ピピピッ
「ん…」
スマホの画面をタップしアラームを止める。何時もより早い時間に設定したのは今日という日を万全に過ごす為だ。
「んグー」
身体を伸ばしながら全身を解す様にグニグニと動かしつつ、猫の様に四つん這いになってから背筋を伸ばす。
「んぁっ、あー」
おはようございます。本日は台風の接近を感じる大雨、強風の模様。遅れないようにサッサと準備をするとしましょう。
ね、湊さん。
「おはようございます」
出社して早々、 ホロメン達の声が聴こえてくる。皆寂しいんだろうな。Discordも荒れて…これは日常だったや。
「ん、友達ちゃん」
「あくたんのマネちゃんに呼ばれてさー」
今日出勤予定の無かった友ちゃんが事務所にいる。これが特例であることを物語っているのがも知れない。
「あくたんに連絡先交換してって言われたから代わりに星川の連絡先を教えて逃げてきたんだ〜」
「やってんにぇ」
態々星川本人から借りてきたQRコードを編集して偽装するとか、やり過ぎじゃない?
「後は、これ」
「…」
渡された通知を確認する。……マジかー
「なんか私達こういう役回り多くない?」
「それな」
友達ちゃん本人も思い当たる節があるのだろう。少し遠い目をしてから自分の席へと戻っていった。
「………まぁ、明日なら良いか」
私は彼女のカードを細断する役割を与えられたのだ。
昼食、友達ちゃんがねぽぼの3人に連れられて麺を食べに行った。取り敢えず私はイヤホンを付け、曲の再生を始める。うん、この声が聞けなくなる…新曲、歌ってみた…うぅ…
でも、この決断をしたのは湊あくあ本人であり、その決断に対して外部が口を出すものではないのである。
それが分かっていても納得できるかと問われれば微妙な所だろう。
ただの我儘なのだ。本人の意思に関係なく拘束するのは。
「後、6時間か…」
この後今夜のライブに向けて移動する。既にスタジオでの事前リハーサルは終了し彼女にとって事務所内での最後の時間が過ぎてゆく。

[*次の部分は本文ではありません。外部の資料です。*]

lemma prob_all_blocks_miss_le:
  assumes "n \<ge> 1" "n < B"
  shows "prob (all_blocks_miss N n B)
    \<le> exp (- (real (N div B) * (real (B - n) * r ^ n - real (B - n) ^ 2 * r ^ (2 * (n - 1)))))"
proof (cases "N div B = 0")
  case True
  then show ?thesis by (simp add: all_blocks_miss_def)
next
  case False
  let ?K = "{..<N div B}" and ?I = "\<lambda>k. {k * B + 1..<k * B + B + 1}"
    and ?g = "real (B - n) * r ^ n - real (B - n) ^ 2 * r ^ (2 * (n - 1))"
  have "all_blocks_miss N n B = (\<Inter>k\<in>?K. space M - block_hit n B k)"
    using False unfolding all_blocks_miss_def by auto
  also have "prob \<dots> = (\<Prod>k\<in>?K. prob (space M - block_hit n B k))"
  proof (rule prob_INT_block_sets)
    fix k
    show "space M - block_hit n B k \<in> block_sets (?I k)"
      using block_hit_in_block_sets[OF assms(2), of k] unfolding block_sets_def
      by (rule sigma_sets.Compl)
  qed (use False disjoint_family_on_blocks in auto)
  also have "\<dots> = (\<Prod>k\<in>?K. 1 - prob (block_hit n B k))"
    using block_hit_in_events by (intro prod.cong refl prob_compl)
  also have "\<dots> \<le> (\<Prod>k\<in>?K. exp (- ?g))"
  proof (intro prod_mono conjI)
    fix k
    have "1 - prob (block_hit n B k) \<le> 1 + (- ?g)"
      using prob_block_hit_ge[OF assms, of k] by linarith
    also have "\<dots> \<le> exp (- ?g)" by (rule exp_ge_add_one_self)
    finally show "1 - prob (block_hit n B k) \<le> exp (- ?g)" .
  qed simp
  also have "\<dots> = exp (- (real (N div B) * ?g))"
    by (simp add: exp_of_nat_mult[symmetric] algebra_simps)
  finally show ?thesis .
qed

lemma longest_switch_ge_if_not_all_blocks_miss:
  assumes "\<omega> \<in> space M" "\<omega> \<notin> all_blocks_miss N n B" "n \<ge> 1" "n < B" "N \<le> N'"
  shows "n - 1 \<le> longest_switch X 1 N' \<omega>"
proof -
  obtain k i b where k: "k < N div B" and i: "i \<in> block_starts n B k" and "\<omega> \<in> alt_run n i b"
    using assms(1,2) unfolding all_blocks_miss_def block_hit_def alt_run_start_def by blast
  then have run: "X (i - 1 + t) \<omega> = alt b (t - 1)" if "t < Suc n" for t
    using that by (auto simp: alt_run_def pattern_event_def)
  have "i \<ge> 2" using block_starts_ge_2 i by simp
  have "Suc k * B \<le> N"
    using k by (metis div_times_less_eq_dividend less_eq_div_iff_mult_less_eq dual_order.trans
        mult_le_mono1 Suc_leI)
  then have "i + n \<le> N + 1"
    using i assms(4) unfolding block_starts_def by auto
  have "switches X n i \<omega> = (\<Sum>l\<in>{i+1..n+i-1}. 1)"
    unfolding switches_def
  proof (intro sum.cong refl)
    fix l assume l: "l \<in> {i+1..n+i-1}"
    have "X (l - 1) \<omega> = alt b (l - i - 1)" and "X l \<omega> = alt b (Suc (l - i - 1))"
      using run[of "l - i"] run[of "l - i + 1"] l \<open>i \<ge> 2\<close> by (auto simp: Suc_diff_Suc)
    then show "(1 - X (l - 1) \<omega>) * X l \<omega> + X (l - 1) \<omega> * (1 - X l \<omega>) = 1"
      using alt_eq_0_or_1[of b "l - i - 1"] by (auto simp: alt_Suc)
  qed
  also have "\<dots> = real n - 1"
    using assms(3) by (simp add: of_nat_diff)
  finally have "\<omega> \<in> Hev X 1 n N'"
    unfolding Hev_def using \<open>i \<ge> 2\<close> \<open>i + n \<le> N + 1\<close> assms(5) by (auto intro!: bexI[of _ i])
  moreover have "n \<le> N'"
    using \<open>i + n \<le> N + 1\<close> \<open>i \<ge> 2\<close> assms(5) by simp
  ultimately show ?thesis
    unfolding longest_switch_def using assms(3)
    by (intro Max_ge) (auto intro: finite_subset[of _ "{..N'}"])
qed

end

locale switch_run_bound = bernoulli_sequence +
  fixes lam \<epsilon> :: real
  assumes lam_eq: "lam = 1 / sqrt (p * (1 - p))" and eps_pos: "\<epsilon> > 0"
begin

definition run_target :: "real \<Rightarrow> real" where
  "run_target s = s - 1 - log lam (2 * ln s)"

definition run_len :: "nat \<Rightarrow> nat" where
  "run_len k = nat \<lfloor>run_target (\<epsilon> * k)\<rfloor> + 1"

definition sample_size :: "nat \<Rightarrow> nat" where
  "sample_size k = nat \<lceil>lam powr (\<epsilon> * k)\<rceil>"

definition miss_event :: "nat \<Rightarrow> 'a set" where
  "miss_event k = all_blocks_miss (sample_size k) (run_len k) (run_len k ^ 2)"

definition switch_bound :: "nat \<Rightarrow> real" where
  "switch_bound N = log lam N - log lam (log lam (log lam N)) + log lam (log lam (exp 1))
    - log lam 2 - 1 - \<epsilon>"

lemma lam_gt_1: "lam > 1"
  using r_le_half r_pos unfolding lam_eq r_def[symmetric] by (simp add: field_simps)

いつものソファではホロメン達に囲まれたあくあがマリンに膝枕をされていた。あの表情、唯の母親なマリン。略してたはマ。
…というか同じマンションに住んでるし会えるのでは?と疑問に思いながらも席を外す。目的地は屋上。昨日の天気予報の外れた快晴に見舞われた場所へ。
「あれ、湊さん」
屋上へと繋がる扉、その前に彼女は立っていた。先程まで皆に囲まれて…
「また明日!!!」
彼女はそう言って扉を開け、その中へと入っていった。私もその後を追う様にその扉を
「…あれ?」
屋上に彼女の姿はない。炎天下の中で揺れているのは私の影だけだった。
「…大丈夫だよ、きっと。彼女は迷いながらでも選んで、ちゃんと進んでるから」
自分の納得させるように、その場を後にする。
「ライブ、必ず成功させる」
夏の時間は、ちゃんと記録しとかないと。
「あくたん、私は…』
言葉はもう必要ない。
箱推し君
あくたんの曲をメドレーで聴きながら帰宅。電車から降り、最寄り駅から家の間で、雨が降ってきた。すごく、極地的な
友達ちゃん
友人Aの社員証を細断した人。渡された時のAちゃんとその側にいたそらさんの顔が忘れられなくなっている。……そろそろ彼女も『卒業』するのかも知れない。